The right of peoples, as Roman lawyers understood him, included both the rules of interstate relations and the norms of property and other contractual relations of Roman citizens with nonnimals (overhears).

About the circle of questions that have fallen under the right of peoples, Hermogenian wrote: "This right of peoples introduced war, the separation of peoples, the foundation of kingdoms, the division of the property, the establishment of borders, fields, building buildings, trade, purchase and sale, hires, obligations, except those that were introduced by civil law. "

The right of peoples contained a number of international legal norms (the term "international law" in the Romans is absent). According to the right of nations, the sea is "common to all".

The work of Roman lawyers had a great influence on the subsequent development of legal thought. This is due to both the high legal culture of Roman jurisprudence (the circumstance and the argument of the analysis, the clarity of the wording, the extensity of the developed problems of the general theoretical, industry and legal and technical profile, etc.) and the role that fell to the share of Roman law (its reception process etc.) in the further history of law.

13. Roman Stoiki.

Stoicism is a philosophical school that arose in the times of early Hellenism and preserved effects up to the end of the ancient world.
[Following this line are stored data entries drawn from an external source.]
lemma double_point_exists:
  assumes "card I \<ge> 2 \<or> gdarts V \<noteq> {}"
  obtains a b u where "a \<in> I" "b \<in> I" "a \<noteq> b" "u \<in> vimg a" "u \<in> vimg b"
proof (cases "gdarts V = {}")
  case False
  have "gverts V \<noteq> {}" using connected_V by (simp add: connected_graph_def)
  then obtain x where "x \<in> gverts V" by blast
  then show ?thesis using vertex_in_two_images[OF False] that by metis
next
  case True
  with assms have "\<not> card I \<le> Suc 0" by auto
  then obtain a b where ab: "a \<in> I" "b \<in> I" "a \<noteq> b"
    using card_le_Suc0_iff_eq[OF finite_I] by blast
  obtain u where u: "u \<in> vimg a" using vimg_nonempty[OF ab(1)] by blast
  obtain u' where u': "u' \<in> vimg b" using vimg_nonempty[OF ab(2)] by blast
  have "u = u'"
    using connected_graph_no_darts_eq[OF connected_V True] vimg_subset ab(1,2) u u' by blast
  with ab u u' that show ?thesis by blast
qed

lemma double_point_spreads:
  assumes "\<not> (\<exists>x. triple_point x)" "a \<in> I" "b \<in> I" "a \<noteq> b" "u \<in> vimg a" "u \<in> vimg b"
  shows "gverts V \<subseteq> vimg a \<inter> vimg b"
proof (rule connected_graph_dart_closed_subset[OF connected_V])
  show "u \<in> gverts V" using vimg_subset assms by blast
  show "u \<in> vimg a \<inter> vimg b" using assms by blast
next
  fix d assume d: "d \<in> gdarts V" "ginit V d \<in> vimg a \<inter> vimg b"
  obtain p q where pq: "p \<in> I" "q \<in> I" "p \<noteq> q"
    "ginit V d \<in> vimg p" "ginit V d \<in> vimg q" "gterm V d \<in> vimg p" "gterm V d \<in> vimg q"
    using dart_ends_in_two_images[OF d(1)] .
  \<comment> \<open>A third index through the double point ginit V d would make it a triple point.\<close>
  have "p \<in> {a, b}" "q \<in> {a, b}"
    using assms(1-4) d(2) pq unfolding triple_point_def by blast+
  with pq show "gterm V d \<in> vimg a \<inter> vimg b" by blast
qed

lemma dimg_eq_if_two_indices:
  assumes "I = {a, b}" "a \<noteq> b" "i \<in> I"
  shows "dimg i = gdarts V"
proof
  show "dimg i \<subseteq> gdarts V" using graph_morph_E assms(3) unfolding graph_morph_def by blast
  show "gdarts V \<subseteq> dimg i"
  proof
    fix d assume "d \<in> gdarts V"
    then obtain p q where "p \<in> I" "q \<in> I" "p \<noteq> q" "d \<in> dimg p" "d \<in> dimg q"
      using dart_in_two_images by metis
    with assms show "d \<in> dimg i" by blast
  qed
qed

lemma reducible_if_no_triple_point:
  assumes "card I \<ge> 2 \<or> gdarts V \<noteq> {}" "\<not> (\<exists>x. triple_point x)"
  shows "reducible I E V fv fd"
proof -
  obtain a b u where ab: "a \<in> I" "b \<in> I" "a \<noteq> b" "u \<in> vimg a" "u \<in> vimg b"
    using double_point_exists[OF assms(1)] .
  have spread: "gverts V \<subseteq> vimg a \<inter> vimg b"
    using double_point_spreads[OF assms(2) ab] .
  have I: "I = {a, b}"
  proof (rule ccontr)
    assume "I \<noteq> {a, b}"
    then obtain k where k: "k \<in> I" "k \<notin> {a, b}" using ab by blast
    obtain x where x: "x \<in> vimg k" using vimg_nonempty[OF k(1)] by blast
    then have "x \<in> vimg a \<inter> vimg b" using spread vimg_subset[OF k(1)] by blast
    then have "triple_point x"
      using ab(1-3) k x unfolding triple_point_def by blast
    with assms(2) show False by blast
  qed
  have "graph_iso (E i) V (fv i) (fd i)" if i: "i \<in> I" for i
  proof -
    have "vimg i = gverts V" using spread vimg_subset[OF i] i I by blast
    then show ?thesis
      using embedded[OF i] dimg_eq_if_two_indices[OF I ab(3) i] unfolding graph_iso_def by blast
  qed
  with I ab(3) show ?thesis unfolding reducible_def by simp
qed

lemma index_set_eq_if_triple_point:
  assumes unf: "unfoldable I E V fv fd"
    and abc: "a \<in> I" "b \<in> I" "c \<in> I" "a \<noteq> b" "a \<noteq> c" "b \<noteq> c"
    and w: "w \<in> vimg a" "w \<in> vimg b" "w \<in> vimg c"
  shows "I = {a, b, c}"
proof (rule ccontr)
  assume "I \<noteq> {a, b, c}"
  then obtain k where k: "k \<in> I" "k \<notin> {a, b, c}" using abc by blast
  have iso_ab: "union_map_iso (I - {a, b}) E V fv fd"
    and iso_bc: "union_map_iso (I - {b, c}) E V fv fd"
    and iso_ac: "union_map_iso (I - {a, c}) E V fv fd"
    using union_map_iso_compl_if_overlap[OF unf] abc w by blast+
  have disj: "vimg k \<inter> vimg i = {}" if "i \<in> {a, b, c}" for i
    using that k abc union_map_iso_disjoint_images(1)[OF iso_bc, of k a]
      union_map_iso_disjoint_images(1)[OF iso_ac, of k b]
      union_map_iso_disjoint_images(1)[OF iso_ab, of k c] by auto
  obtain x where x: "x \<in> vimg k" using vimg_nonempty[OF k(1)] by blast
  then have xV: "x \<in> gverts V" using vimg_subset k by blast
  obtain m where m: "m \<in> I" "m \<noteq> k" "x \<in> vimg m"
  proof (cases "gdarts V = {}")
    case True
    then have "x = w"
      using connected_graph_no_darts_eq[OF connected_V True xV] vimg_subset abc w by blast
    then show ?thesis using that abc k w by blast
  next
    case False
    then show ?thesis using vertex_in_two_images[OF False xV] that by metis
  qed
  have "m \<notin> {a, b, c}" using disj m x by blast
  then show False
    using union_map_iso_disjoint_images(1)[OF iso_ab, of k m] k m x by blast
qed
The school received his name by the name of the portica of Staa Poikil (Greek. Στοά ποικίλη, letters. "Painted Portico"), where the founder of Stoicism, Zenon Kythius, for the first time he independently acted as a teacher. Before that stoics in Athens called the poets community that were collected in Staa Poikille a hundred years before the appearance of Zenon and his students and like-minded people. In the history of stoicism, three main periods are distinguished: the ancient (eldest) standing (end of the IV century BC. E. - middle of the II century BC. E.), Average (II-I century BC. Er), new (I- III century n. E.).

The main representatives of the Roman stoicism were Lucius Anne Seneca (3-65), epichet (approx. 50 - approx. 140) and Mark Azeri Antonin (121-180).
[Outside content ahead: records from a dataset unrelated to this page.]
lemma distinguishable_append_middle:
  assumes "distinguishable G u v" and "length p = length p'"
  shows "distinguishable G (p @ u @ s) (p' @ v @ s')"
proof -
  obtain t where t: "t < min (length u) (length v)" "u ! t \<noteq> v ! t" "\<not> G (u ! t) (v ! t)"
    using assms(1) unfolding distinguishable_def by blast
  show ?thesis unfolding distinguishable_def
    by (rule exI[of _ "length p + t"]) (use t assms(2) in \<open>auto simp: nth_append\<close>)
qed

lemma distinguishable_iff_not_strong_power_adj:
  assumes "length x = n" and "length y = n"
  shows "distinguishable G x y \<longleftrightarrow> x \<noteq> y \<and> \<not> strong_power_adj G n x y"
  using assms unfolding distinguishable_def strong_power_adj_def by auto

lemma distinguishing_code_append:
  assumes f: "distinguishing_code G m k f" and g: "distinguishing_code G n k' g"
  shows "distinguishing_code G (m + n) (k * k') (\<lambda>j. f (j div k') @ g (j mod k'))"
  unfolding distinguishing_code_def
proof (intro conjI allI impI)
  have bounds: "j div k' < k" "j mod k' < k'" if "j < k * k'" for j
  proof -
    have "0 < k'"
      using that by (cases "k' = 0") simp_all
    then show "j div k' < k" "j mod k' < k'"
      using that by (simp_all add: less_mult_imp_div_less mult.commute)
  qed
  fix j assume "j < k * k'"
  then show "length (f (j div k') @ g (j mod k')) = m + n"
    using f g bounds unfolding distinguishing_code_def by simp
  fix j' assume j': "j' < k * k'" and "j \<noteq> j'"
  then consider "j div k' \<noteq> j' div k'" | "j mod k' \<noteq> j' mod k'"
    by (metis div_mod_decomp)
  then show "distinguishable G (f (j div k') @ g (j mod k')) (f (j' div k') @ g (j' mod k'))"
  proof cases
    case 1
    then show ?thesis
      using distinguishable_append_middle[of G _ _ "[]" "[]"] f bounds \<open>j < k * k'\<close> j'
      unfolding distinguishing_code_def by simp
  next
    case 2
    then show ?thesis
      using distinguishable_append_middle[of G _ _ _ _ "[]" "[]"] f g bounds \<open>j < k * k'\<close> j'
      unfolding distinguishing_code_def by simp
  qed
qed

section \<open>Independence numbers of strong powers\<close>

definition independent_words :: "('a \<Rightarrow> 'a \<Rightarrow> bool) \<Rightarrow> nat \<Rightarrow> 'a list set \<Rightarrow> bool" where
  "independent_words G n S \<longleftrightarrow>
     S \<subseteq> {x. length x = n} \<and> (\<forall>x\<in>S. \<forall>y\<in>S. \<not> strong_power_adj G n x y)"

lemma independence_number_power_eq_Max:
  "independence_number_power G n = Max (card ` {S. independent_words G n S})"
  unfolding independence_number_power_def independent_words_def by (rule arg_cong[where f = Max]) auto

lemma finite_independent_words:
  "finite {S. independent_words G n (S :: 'a::finite list set)}"
proof (rule finite_subset)
  show "{S. independent_words G n S} \<subseteq> Pow {x. length x = n}"
    unfolding independent_words_def by blast
  show "finite (Pow {x :: 'a list. length x = n})"
    using finite_lists_length_eq[of "UNIV :: 'a set"] by simp
qed

lemma card_le_independence_number_power:
  fixes G :: "'a::finite \<Rightarrow> 'a \<Rightarrow> bool"
  assumes "independent_words G n S"
  shows "card S \<le> independence_number_power G n"
  unfolding independence_number_power_eq_Max
  using assms finite_independent_words by (intro Max_ge) auto

lemma independence_number_power_attained:
  fixes G :: "'a::finite \<Rightarrow> 'a \<Rightarrow> bool"
  obtains S where "independent_words G n S" and "card S = independence_number_power G n"
proof -
  have "independent_words G n {}"
    unfolding independent_words_def by simp
  then have "independence_number_power G n \<in> card ` {S. independent_words G n S}"
    unfolding independence_number_power_eq_Max using finite_independent_words
    by (intro Max_in) auto
  then show ?thesis using that by auto
qed

lemma independence_number_power_pos:
  fixes G :: "'a::finite \<Rightarrow> 'a \<Rightarrow> bool"
  shows "0 < independence_number_power G n"
proof -
  have "independent_words G n {replicate n undefined}"
    unfolding independent_words_def strong_power_adj_def by simp
  from card_le_independence_number_power[OF this] show ?thesis by simp
qed

lemma independence_number_power_le_card_power:
  fixes G :: "'a::finite \<Rightarrow> 'a \<Rightarrow> bool"
  shows "independence_number_power G n \<le> card (UNIV :: 'a set) ^ n"
proof -
  obtain S where S: "independent_words G n S" "card S = independence_number_power G n"
    by (rule independence_number_power_attained)
  have "card S \<le> card {x :: 'a list. length x = n}"
    using S(1) finite_lists_length_eq[of "UNIV :: 'a set"] unfolding independent_words_def
    by (intro card_mono) auto
  then show ?thesis
    using S(2) card_lists_length_eq[of "UNIV :: 'a set"] by simp
qed

lemma independence_number_power_0:
  fixes G :: "'a::finite \<Rightarrow> 'a \<Rightarrow> bool"
  shows "independence_number_power G 0 = 1"
  using independence_number_power_pos[of G 0] independence_number_power_le_card_power[of G 0]
  by simp

lemma distinguishing_code_iff_independent_words:
  assumes "inj_on f {..<k}"
  shows "distinguishing_code G n k f \<longleftrightarrow> independent_words G n (f ` {..<k})"
  using assms unfolding distinguishing_code_def independent_words_def inj_on_def
  by (auto simp: distinguishable_iff_not_strong_power_adj subset_iff) (metis strong_power_adj_def)

lemma distinguishing_code_inj_on:
  "distinguishing_code G n k f \<Longrightarrow> inj_on f {..<k}"
  unfolding distinguishing_code_def inj_on_def using distinguishable_imp_neq by blast

lemma distinguishing_code_le_independence_number_power:
  fixes G :: "'a::finite \<Rightarrow> 'a \<Rightarrow> bool"
  assumes "distinguishing_code G n k f"
  shows "k \<le> independence_number_power G n"
proof -
  have inj: "inj_on f {..<k}"
    using assms by (rule distinguishing_code_inj_on)
  then have "card (f ` {..<k}) = k"
    by (simp add: card_image)
  with card_le_independence_number_power show ?thesis
    using assms inj distinguishing_code_iff_independent_words by metis
qed

lemma ex_distinguishing_code_independence_number_power:
  fixes G :: "'a::finite \<Rightarrow> 'a \<Rightarrow> bool"
  shows "\<exists>f. distinguishing_code G n (independence_number_power G n) f"
proof -
  obtain S where S: "independent_words G n S" "card S = independence_number_power G n"
    by (rule independence_number_power_attained)
  have "finite S"
    using S(1) finite_lists_length_eq[of "UNIV :: 'a set"] unfolding independent_words_def
    by (auto intro: finite_subset)
  then obtain f where f: "bij_betw f {..<card S} S"
    using ex_bij_betw_nat_finite lessThan_atLeast0 by metis
  then have "distinguishing_code G n (card S) f"
    using S(1) distinguishing_code_iff_independent_words bij_betw_def by metis
  then show ?thesis using S(2) by auto
qed

lemma independence_number_power_mult_le:
  fixes G :: "'a::finite \<Rightarrow> 'a \<Rightarrow> bool"
  shows "independence_number_power G m * independence_number_power G n
           \<le> independence_number_power G (m + n)"
  using ex_distinguishing_code_independence_number_power[of G m]
    ex_distinguishing_code_independence_number_power[of G n]
  by (metis distinguishing_code_append distinguishing_code_le_independence_number_power)

section \<open>Fekete's lemma\<close>

lemma superadditive_mult_le:
  fixes b :: "nat \<Rightarrow> real"
  assumes super: "\<And>m n. b m + b n \<le> b (m + n)" and "0 \<le> b 0"
  shows "real q * b m \<le> b (q * m)"
proof (induction q)
  case 0
  then show ?case using \<open>0 \<le> b 0\<close> by simp
next
  case (Suc q)
  have "real (Suc q) * b m = b m + real q * b m"
    by (simp add: algebra_simps)
  also have "\<dots> \<le> b m + b (q * m)"
    using Suc by simp
  also have "\<dots> \<le> b (Suc q * m)"
    using super[of m "q * m"] by simp
  finally show ?case .
qed

lemma superadditive_lower_bound:
  fixes b :: "nat \<Rightarrow> real"
  assumes super: "\<And>m n. b m + b n \<le> b (m + n)" and nonneg: "\<And>n. 0 \<le> b n" and "0 < m"
  shows "real n * (b m / real m) - b m \<le> b n"
proof -
  define q where "q = n div m"
  have n_eq: "n = q * m + n mod m"
    unfolding q_def by simp
  have "n \<le> q * m + m"
    using n_eq mod_less_divisor[OF \<open>0 < m\<close>, of n] by linarith
  then have "real n - real m \<le> real q * real m"
    unfolding of_nat_le_iff[symmetric, where 'a = real] by simp
  then have "(real n - real m) * (b m / real m) \<le> real q * real m * (b m / real m)"
    using nonneg[of m] by (intro mult_right_mono) simp_all
  moreover have "real n * (b m / real m) - b m = (real n - real m) * (b m / real m)"
    using \<open>0 < m\<close> by (simp add: field_simps)
  ultimately have "real n * (b m / real m) - b m \<le> real q * real m * (b m / real m)"
    by simp
  also have "\<dots> = real q * b m"
    using \<open>0 < m\<close> by simp
  also have "\<dots> \<le> b (q * m)"
    using superadditive_mult_le[OF super nonneg] .
  also have "\<dots> \<le> b n"
    using super[of "q * m" "n mod m"] nonneg[of "n mod m"] n_eq by simp
  finally show ?thesis .
qed

lemma fekete_superadditive:
  fixes b :: "nat \<Rightarrow> real"
  assumes super: "\<And>m n. b m + b n \<le> b (m + n)" and nonneg: "\<And>n. 0 \<le> b n"
    and bounded: "\<And>n. b n \<le> C * real n"
  shows "(\<lambda>n. b n / real n) \<longlonglongrightarrow> (SUP n\<in>{0<..}. b n / real n)"
proof -
  define L where "L = (SUP n\<in>{0<..}. b n / real n)"
  have bdd: "bdd_above ((\<lambda>n. b n / real n) ` {0<..})"
    using bounded by (intro bdd_aboveI2[where M = C]) (simp add: divide_le_eq mult.commute)
  show ?thesis unfolding L_def[symmetric]
  proof (rule order_tendstoI)
    fix a assume "a < L"
    then obtain m where m: "0 < m" "a < b m / real m"
      unfolding L_def using less_cSUP_iff[OF _ bdd] by auto
    have "\<forall>\<^sub>F n in sequentially. b m / real n < b m / real m - a"
      using m(2) by (intro order_tendstoD(2)[OF lim_const_over_n]) simp
    then show "\<forall>\<^sub>F n in sequentially. a < b n / real n"
      using eventually_gt_at_top[of 0]
    proof eventually_elim
      case (elim n)
      have "(real n * (b m / real m) - b m) / real n \<le> b n / real n"
        using superadditive_lower_bound[OF super nonneg m(1)] elim(2) by (intro divide_right_mono) auto
      then have "b m / real m - b m / real n \<le> b n / real n"
        using elim(2) by (simp add: diff_divide_distrib)
      then show ?case using elim(1) by linarith
    qed
  next
    fix a assume "L < a"
    have le_L: "b n / real n \<le> L" if "0 < n" for n
      unfolding L_def using that by (intro cSUP_upper[OF _ bdd]) simp
    show "\<forall>\<^sub>F n in sequentially. b n / real n < a"
      using eventually_gt_at_top[of "0 :: nat"]
    proof eventually_elim
      case (elim n)
      then show ?case using le_L[of n] \<open>L < a\<close> by linarith
    qed
  qed
qed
Seneca was a senator, an educator of the emperor Nero and the leading statesman, whose political intrigues brought ultimately to the forced suicide on the orders of his cruel and vengeful student.

More consistently than other stoics, Seneca defended the idea of \u200b\u200bspiritual freedom of all people, regardless of their public situation. All people are equal in the sense that they are "companions for slavery," because the fate is equally in power.
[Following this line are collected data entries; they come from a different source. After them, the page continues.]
lemma card_submonoid_gen: "m < N \<Longrightarrow> finite (submonoid_gen m) \<and> card (submonoid_gen m) \<le> fact (m + 1)"
proof (induct m)
  case 0
  have "submonoid_gen 0 = {e}"
  proof (intro equalityI subsetI)
    fix a assume "a \<in> submonoid_gen 0" then show "a \<in> {e}" by induct auto
  qed (auto intro: submonoid_gen.unit)
  then show ?case by simp
next
  case (Suc m)
  have IH: "finite (submonoid_gen m)" "card (submonoid_gen m) \<le> fact (m + 1)" using Suc by auto
  have fin: "finite (coset_cover (Suc m))" using IH by (simp add: coset_cover_def)
  have sub: "submonoid_gen (Suc m) \<subseteq> coset_cover (Suc m)"
    using Suc.prems by (intro submonoid_gen_subset_coset_cover) auto
  have "card (coset_cover (Suc m)) \<le>
      (\<Sum>k\<in>{1..Suc m + 1}. card ((\<lambda>h. h \<diamond> descending k (Suc m + 1 - k)) ` submonoid_gen m))"
    unfolding coset_cover_def diff_Suc_1 by (rule card_UN_le) simp
  also have "\<dots> \<le> (\<Sum>k\<in>{1..Suc m + 1}. card (submonoid_gen m))"
    by (intro sum_mono card_image_le IH)
  also have "\<dots> = (Suc m + 1) * card (submonoid_gen m)" by simp
  also have "\<dots> \<le> (Suc m + 1) * fact (m + 1)"
    using IH(2) by (rule mult_le_mono2)
  also have "\<dots> = fact (Suc m + 1)"
    by (simp add: fact_Suc)
  finally have "card (coset_cover (Suc m)) \<le> fact (Suc m + 1)" .
  moreover have "card (submonoid_gen (Suc m)) \<le> card (coset_cover (Suc m))"
    by (rule card_mono[OF fin sub])
  ultimately show ?case using finite_subset[OF sub fin] by simp
qed

end

section \<open>Lifting representations of symmetric groups\<close>

lemma spinorial_restrict:
  assumes "spinorial G \<pi>" "H \<subseteq> carrier G"
  shows "spinorial (G\<lparr>carrier := H\<rparr>) \<pi>"
  using assms unfolding spinorial_def by auto blast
In the natural legal concept of the Seneki, inevitable and divine in their nature "Law of Fate" plays the role of the right of nature, to whom all human establishments are subordinated, including the state and laws.

The universe, according to Seneke, is a natural state with its natural right, whose recognition is the case necessary and reasonable. Members of this state under the law of nature are all people, they recognize it or not. As for individual state formations, they are random and meaningless for the whole human race, but only for a limited number of people. "We wrote Seneca," should present in the imagination of two states: one thing - which includes gods and people; in it, our eyes are not limited to this or that corner of the earth, we measure the boundaries of our state; another is something, To whom we have attributed an accident. This second can be an Athenian or Carthaginsky or is connected with any city; it concerns not all people, but only one specific group of them. There are people who are at the same time serve and large and The Small State, there are those that serve only large, and, such that serve only to small.

Ethically the most valuable and unconditional, according to the cosmopolitan concept of Seneki, is a "large state". Rationality and, consequently, an understanding of the "law of fate" (natural law, divine spirit) is true that, counteracting the case (including random affiliation to one or another "small state"), to recognize the need for world laws and Guided by them. This ethical Maxim is equally significant both for individuals and for their communities (states).

Similar ideas developed other Roman Stoiki: the epicate is the slave, then released on the will, and the emperor (in 161-180) Mark Azeri Antonin.